A constitutive activation of PI3Ks and its downstream target Akt has been found in human cancer and is linked to cell survival and proliferation.1 Gain-of-function mutations of PI3Kα are among the most frequent mutations identified so far and have been linked to cancer progression in colon, breast, brain, and lung. The role of the other isoforms is less clear, although the expression of PI3Kβ, γ, and δ has also been shown to transform chicken embryo fibroblasts.2
The inhibitors LY294002 and wortmannin have been widely used to study the PI3K pathway. While these compounds are popular pharmacologic tools, their significance is limited by their lack of selectivity, which is predicted to cause global effects on all PI3K isoforms. In addition, there are known off-target effects on other signaling molecules (eg, inhibition of PLA2).3 Accordingly, gene targeting was critical to specifically delineate the roles of individual PI3K isoforms in health and disease.4
The catalytic subunits PI3Kα and PI3Kβ are widely expressed and gene deletion results in embryonic lethality.5,6 In contrast, PI3Kγ and PI3Kδ display a tissue specific expression: PI3Kδ is predominantly found in hematopoietic cells, and the phenotype of PI3Kδ−/− animals is dominated by defects in B-cell development and function.7-10 It was also shown that both PI3Kγ and PI3Kδ are required for T-cell development and thymocyte survival.11 Very recently, the importance of PI3Kδ in natural killer (NK) cells has also been appreciated.12,13
The expression pattern of PI3Kδ and its effects in B-lymphoid cells have raised hopes that specific inhibitors of PI3Kδ may suppress the proliferation and survival of transformed hematopoietic cells. Indeed, high levels of PI3Kδ have been found in leukemic cells from patients with acute myeloid leukemia (AML).14 Here, we explored the foundations of this conceptual framework by examining how the absence of PI3Kδ affects leukemia formation in Abelson-induced B-cell transformation. This model is of clinical relevance in humans since the Abl kinase is constitutively activated by a chromosomal translocation (t9;22). The resulting abnormal chromosome is referred to as Philadelphia chromosome: it encodes a fusion protein, BCR/ABL, which has constitutive kinase activity and is associated with chronic myeloid leukemia (CML) and acute lymphoblastic leukemia (ALL). Our experiments revealed a dual role of PI3Kδ in Abelson-driven leukemia progression: the lack of PI3Kδ inhibited disease progression by a direct, cell-autonomous effect in the tumor cells. However, in vivo, this effect was overridden, because PI3Kδ deficiency significantly accelerated leukemia formation by disabling NK-cell function. The absence of PI3Kδ severely impaired the ability of NK cells to undergo degranulation and to kill leukemic cells.
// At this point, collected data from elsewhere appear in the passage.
lemma cmul_component:
  "cmul A B $ K = (\<Sum>I\<in>UNIV. \<Sum>J\<in>UNIV. of_bool (sym_diff I J = K) * blade_sign I J * A $ I * B $ J)"
  unfolding cmul_def vec_lambda_beta by (intro sum.cong refl) simp

lemma mv_expand: "A = (\<Sum>I\<in>UNIV. A $ I *\<^sub>R blade I)"
  by (simp add: vec_eq_iff sum_component blade_component)

lemma linear_eq_on_blades:
  assumes "linear f" "linear g" "\<And>I. f (blade I) = g (blade I)"
  shows "f A = g A"
  by (subst (1 2) mv_expand) (simp add: assms linear_sum linear_scale)

lemma cmul_blade: "cmul (blade I) (blade J) = blade_sign I J *\<^sub>R blade (sym_diff I J)"
  by (simp only: vec_eq_iff cmul_component blade_component sum_mult_of_bool_eq_point)
    (simp add: blade_component)

lemma bilinear_cmul: "bilinear cmul"
  unfolding bilinear_def
  by (auto intro!: linearI simp: vec_eq_iff cmul_component algebra_simps sum.distrib sum_distrib_left)

lemmas linear_cmul_right = bilinear_cmul[unfolded bilinear_def, THEN conjunct1, rule_format]
lemmas linear_cmul_left = bilinear_cmul[unfolded bilinear_def, THEN conjunct2, rule_format]

lemmas cmul_add_left = linear_add[OF linear_cmul_left]
lemmas cmul_add_right = linear_add[OF linear_cmul_right]
lemmas cmul_diff_left = linear_diff[OF linear_cmul_left]
lemmas cmul_diff_right = linear_diff[OF linear_cmul_right]
lemmas cmul_minus_left = linear_neg[OF linear_cmul_left]
lemmas cmul_minus_right = linear_neg[OF linear_cmul_right]
lemmas cmul_scaleR_left = linear_scale[OF linear_cmul_left]
lemmas cmul_scaleR_right = linear_scale[OF linear_cmul_right]
lemmas cmul_sum_left = linear_sum[OF linear_cmul_left]
lemmas cmul_sum_right = linear_sum[OF linear_cmul_right]
lemmas cmul_zero_left [simp] = linear_0[OF linear_cmul_left]

lemmas cmul_linear_simps = cmul_add_left cmul_add_right cmul_diff_left cmul_diff_right
  cmul_minus_left cmul_minus_right cmul_scaleR_left cmul_scaleR_right cmul_sum_left cmul_sum_right

lemma sym_diff_assoc: "sym_diff (sym_diff I J) K = sym_diff I (sym_diff J K)"
  by auto

lemma cmul_assoc_blades:
  "cmul (cmul (blade I) (blade J)) (blade K) = cmul (blade I) (cmul (blade J) (blade K))"
  unfolding cmul_blade cmul_scaleR_left cmul_scaleR_right scaleR_scaleR blade_sign_cocycle sym_diff_assoc ..

lemma cmul_assoc: "cmul (cmul A B) C = cmul A (cmul B C)"
proof -
  have blade_blade: "cmul (cmul (blade I) (blade J)) C = cmul (blade I) (cmul (blade J) C)" for I J
    by (rule linear_eq_on_blades[of "\<lambda>C. cmul (cmul (blade I) (blade J)) C" "\<lambda>C. cmul (blade I) (cmul (blade J) C)"];
        (intro linearI)?; simp add: cmul_linear_simps cmul_assoc_blades)
  have blade: "cmul (cmul (blade I) B) C = cmul (blade I) (cmul B C)" for I
    by (rule linear_eq_on_blades[of "\<lambda>B. cmul (cmul (blade I) B) C" "\<lambda>B. cmul (blade I) (cmul B C)"];
        (intro linearI)?; simp add: cmul_linear_simps blade_blade)
  show ?thesis
    by (rule linear_eq_on_blades[of "\<lambda>A. cmul (cmul A B) C" "\<lambda>A. cmul A (cmul B C)"];
        (intro linearI)?; simp add: cmul_linear_simps blade)
qed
P values were calculated using an unpaired 2-tailed t test (mean values represent data ± SEM; all experiments were performed in triplicate, and 3 independent experiments were evaluated). Differences in Kaplan-Meier plots were analyzed using the log-rank test by GraphPad Prism software (San Diego, CA).
Mice and disease models
All mice were on a 129Sv/C57BL/6 background. To ensure appropriate controls, experiments were performed with littermates. PI3Kδ−/− mice9 and RAG2−/− mice15 were described previously. Two disease models were used: newborn mice were infected by intraperitoneal injection of 100 μL replication-incompetent ecotropic retrovirus encoding for v-abl.16 For transplantation experiments, either 106 cells from independently derived PI3Kδ+/− and PI3Kδ−/− leukemic cell lines, or 5 × 105 EL4 (subclone) or 5 × 105 Eμ-myc–derived leukemic cells (in 100 μL phosphate-buffered saline [PBS]) were injected via tail vein into sublethally irradiated recipient mice. Eμ-myc cells (provided by C. Schuster, MUW, Vienna, Austria) were derived from Eμ-myc transgenic mice.17 Injected mice were checked daily for onset of disease. Sick mice were killed and analyzed for organ weights, white blood cell counts, and the presence of leukemic cells in bone marrow, spleen, and blood. NK-cell depletion was performed using the NK1.1 antibody, which was produced using the hybridoma cell line PK136 (No. HB-191; ATCC, Manassas, VA). Briefly, cell culture supernatant was harvested after serum deprivation and precipitated using saturated ammonium sulfate solution. The pellet was resuspended in buffer (20 mM sodium phosphate; pH 7.0), and antibodies were purified by HiTrap Protein G-HP affinity columns (GE Healthcare, Little Chalfont, United Kingdom). Eluted antibody was desalted using PD-10 columns (GE Healthcare). The purity of the antibody solution was determined by denaturing SDS-PAGE. A total of 150 μg purified antibody was injected intraperitoneally 3 days before transplantation of leukemic cells and subsequently every third day.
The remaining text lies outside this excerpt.